§ What you are asked to do
Among the entries below, find the line with "f x) \<le> C", then quote it and each following line up to and including the line with "s0)) \<longlongrightarrow> F'", and nothing else.

§ Saved data entries
★ ★ ★

lemma laplace_P_eq_exp:
  fixes lam \<alpha> D T s :: real and Gm :: "real measure"
  assumes lam: "lam > 0" and D: "D > 0" and T: "T \<ge> 0" and s: "s \<le> 0"
    and Gm: "prob_space Gm" and sets_Gm: "sets Gm = sets borel"
  shows "laplace_P lam \<alpha> D T Gm (- s)
     = exp (lam * pi * D\<^sup>2 * ((\<integral>p. exp (s * thresholded_power \<alpha> T p) \<partial>(disk_unif D \<Otimes>\<^sub>M Gm)) - 1))"
proof -
  let ?\<mu> = "disk_unif D \<Otimes>\<^sub>M Gm"
  interpret \<mu>: prob_space ?\<mu>
    by (intro prob_space_pair prob_space_disk_unif D Gm)
  have [measurable]: "thresholded_power \<alpha> T \<in> borel_measurable ?\<mu>"
    by (rule borel_measurable_thresholded_power_pair[OF sets_Gm])
  have bounded: "0 \<le> exp (s * thresholded_power \<alpha> T p) \<and> exp (s * thresholded_power \<alpha> T p) \<le> 1" for p
    using thresholded_power_nonneg[OF T, of \<alpha> p] s by (simp add: mult_nonpos_nonneg)
  have "laplace_P lam \<alpha> D T Gm (- s)
      = (\<integral>q. (\<Prod>i<fst q. exp (s * thresholded_power \<alpha> T (snd q i))) \<partial>ppp_space lam D Gm)"
    by (simp add: laplace_P_def useful_power_eq_sum sum_distrib_left exp_sum)
  also have "\<dots> = exp (lam * pi * D\<^sup>2 * ((\<integral>p. exp (s * thresholded_power \<alpha> T p) \<partial>?\<mu>) - 1))"
  proof (unfold ppp_space_def, rule integral_poisson_PiM_prod)
    show "integrable ?\<mu> (\<lambda>p. exp (s * thresholded_power \<alpha> T p))"
      using bounded by (intro \<mu>.integrable_const_bound[where B=1]) auto
  qed (use lam D \<mu>.prob_space_axioms in auto)
  finally show ?thesis .
qed

section \<open>Derivatives of the log-Laplace transform\<close>

lemma power_mult_exp_neg_le:
  fixes a y :: real
  assumes a: "a > 0" and y: "y \<ge> 0"
  shows "y ^ n * exp (- (a * y)) \<le> fact n / a ^ n"
proof -
  have "(a * y) ^ n / fact n \<le> exp (a * y)"
  proof -
    have "(\<Sum>k\<in>{n}. (a * y) ^ k /\<^sub>R fact k) \<le> (\<Sum>k. (a * y) ^ k /\<^sub>R fact k)"
      using a y by (intro sum_le_suminf summable_exp_generic) auto
    then show ?thesis by (simp add: sums_unique[OF exp_converges] divide_inverse mult.commute)
  qed
  then have "y ^ n \<le> fact n / a ^ n * exp (a * y)"
    using a by (simp add: power_mult_distrib field_simps)
  then have "y ^ n * exp (- (a * y)) \<le> fact n / a ^ n * exp (a * y) * exp (- (a * y))"
    by (rule mult_right_mono) simp
  also have "\<dots> = fact n / a ^ n"
    by (simp add: mult.assoc exp_minus_inverse)
  finally show ?thesis .
qed

lemma difference_quotient_bounded:
  fixes f f' :: "real \<Rightarrow> real"
  assumes S: "convex S" "x \<in> S" "y \<in> S" and "y \<noteq> x"
    and deriv: "\<And>t. t \<in> S \<Longrightarrow> (f has_real_derivative f' t) (at t within S)"
    and bound: "\<And>t. t \<in> S \<Longrightarrow> \<bar>f' t\<bar> \<le> C"
  shows "\<bar>(f y - f x) / (y - x)\<bar> \<le> C"
proof -
  have "norm (f y - f x) \<le> C * norm (y - x)"
    using bound by (intro field_differentiable_bound[OF S(1) deriv _ S(3,2)]) auto
  then show ?thesis
    using \<open>y \<noteq> x\<close> by (simp add: abs_divide divide_le_eq)
qed

lemma has_real_derivative_integral:
  fixes M :: "'a measure" and F F' :: "real \<Rightarrow> 'a \<Rightarrow> real"
  assumes M: "finite_measure M" and r: "r > 0"
    and integrable: "\<And>s. s \<in> ball s0 r \<Longrightarrow> integrable M (F s)"
    and F'_meas: "F' s0 \<in> borel_measurable M"
    and deriv: "\<And>s x. s \<in> ball s0 r \<Longrightarrow> x \<in> space M \<Longrightarrow> ((\<lambda>s. F s x) has_real_derivative F' s x) (at s)"
    and bound: "\<And>s x. s \<in> ball s0 r \<Longrightarrow> x \<in> space M \<Longrightarrow> \<bar>F' s x\<bar> \<le> C"
  shows "((\<lambda>s. \<integral>x. F s x \<partial>M) has_real_derivative (\<integral>x. F' s0 x \<partial>M)) (at s0)"
proof -
  interpret finite_measure M by (fact M)
  have s0: "s0 \<in> ball s0 r" using r by simp
  have "((\<lambda>s. ((\<integral>x. F s x \<partial>M) - (\<integral>x. F s0 x \<partial>M)) / (s - s0)) \<longlongrightarrow> (\<integral>x. F' s0 x \<partial>M))
          (at s0 within ball s0 r)"
    unfolding tendsto_at_iff_sequentially comp_def
  proof (intro allI impI)
    fix X :: "nat \<Rightarrow> real" assume X: "\<forall>i. X i \<in> ball s0 r - {s0}" and "X \<longlonglongrightarrow> s0"
    have "(\<lambda>i. \<integral>x. (F (X i) x - F s0 x) / (X i - s0) \<partial>M) \<longlonglongrightarrow> (\<integral>x. F' s0 x \<partial>M)"
    proof (rule integral_dominated_convergence[where w="\<lambda>_. C"])
      show "(\<lambda>x. (F (X i) x - F s0 x) / (X i - s0)) \<in> borel_measurable M" for i
        using X s0 integrable by (intro borel_measurable_divide borel_measurable_diff) auto
      show "AE x in M. (\<lambda>i. (F (X i) x - F s0 x) / (X i - s0)) \<longlonglongrightarrow> F' s0 x"
      proof (rule AE_I2)
        fix x assume "x \<in> space M"
        then have "((\<lambda>s. (F s x - F s0 x) / (s - s0)) \<longlongrightarrow> F' s0 x) (at s0)"
          using deriv[OF s0] by (simp add: has_field_derivative_iff)
        then show "(\<lambda>i. (F (X i) x - F s0 x) / (X i - s0)) \<longlonglongrightarrow> F' s0 x"
          using X \<open>X \<longlonglongrightarrow> s0\<close> by (auto simp: tendsto_at_iff_sequentially comp_def)
      qed
      show "AE x in M. norm ((F (X i) x - F s0 x) / (X i - s0)) \<le> C" for i
      proof (rule AE_I2)
        fix x assume x: "x \<in> space M"
        have "X i \<in> ball s0 r" "X i \<noteq> s0" using X by auto
        then show "norm ((F (X i) x - F s0 x) / (X i - s0)) \<le> C"
          using difference_quotient_bounded[of "ball s0 r" s0 "X i" "\<lambda>s. F s x" "\<lambda>s. F' s x" C]
            deriv[OF _ x] bound[OF _ x] s0
          by (simp add: has_field_derivative_at_within)
      qed
    qed (simp_all add: F'_meas)
    with X s0 integrable show "(\<lambda>i. ((\<integral>x. F (X i) x \<partial>M) - (\<integral>x. F s0 x \<partial>M)) / (X i - s0))
        \<longlonglongrightarrow> (\<integral>x. F' s0 x \<partial>M)"
      by (simp add: integral_divide_zero)
  qed
  then show ?thesis
    unfolding has_field_derivative_iff at_within_open[OF s0 open_ball] .
qed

★ ★ ★

§ Result for this task
  have "norm (f y - f x) \<le> C * norm (y - x)"
    using bound by (intro field_differentiable_bound[OF S(1) deriv _ S(3,2)]) auto
  then show ?thesis
    using \<open>y \<noteq> x\<close> by (simp add: abs_divide divide_le_eq)
qed

lemma has_real_derivative_integral:
  fixes M :: "'a measure" and F F' :: "real \<Rightarrow> 'a \<Rightarrow> real"
  assumes M: "finite_measure M" and r: "r > 0"
    and integrable: "\<And>s. s \<in> ball s0 r \<Longrightarrow> integrable M (F s)"
    and F'_meas: "F' s0 \<in> borel_measurable M"
    and deriv: "\<And>s x. s \<in> ball s0 r \<Longrightarrow> x \<in> space M \<Longrightarrow> ((\<lambda>s. F s x) has_real_derivative F' s x) (at s)"
    and bound: "\<And>s x. s \<in> ball s0 r \<Longrightarrow> x \<in> space M \<Longrightarrow> \<bar>F' s x\<bar> \<le> C"
  shows "((\<lambda>s. \<integral>x. F s x \<partial>M) has_real_derivative (\<integral>x. F' s0 x \<partial>M)) (at s0)"
proof -
  interpret finite_measure M by (fact M)
  have s0: "s0 \<in> ball s0 r" using r by simp
  have "((\<lambda>s. ((\<integral>x. F s x \<partial>M) - (\<integral>x. F s0 x \<partial>M)) / (s - s0)) \<longlongrightarrow> (\<integral>x. F' s0 x \<partial>M))
          (at s0 within ball s0 r)"
    unfolding tendsto_at_iff_sequentially comp_def
  proof (intro allI impI)
    fix X :: "nat \<Rightarrow> real" assume X: "\<forall>i. X i \<in> ball s0 r - {s0}" and "X \<longlonglongrightarrow> s0"
    have "(\<lambda>i. \<integral>x. (F (X i) x - F s0 x) / (X i - s0) \<partial>M) \<longlonglongrightarrow> (\<integral>x. F' s0 x \<partial>M)"
    proof (rule integral_dominated_convergence[where w="\<lambda>_. C"])
      show "(\<lambda>x. (F (X i) x - F s0 x) / (X i - s0)) \<in> borel_measurable M" for i
        using X s0 integrable by (intro borel_measurable_divide borel_measurable_diff) auto
      show "AE x in M. (\<lambda>i. (F (X i) x - F s0 x) / (X i - s0)) \<longlonglongrightarrow> F' s0 x"
      proof (rule AE_I2)
        fix x assume "x \<in> space M"
        then have "((\<lambda>s. (F s x - F s0 x) / (s - s0)) \<longlongrightarrow> F' s0 x) (at s0)"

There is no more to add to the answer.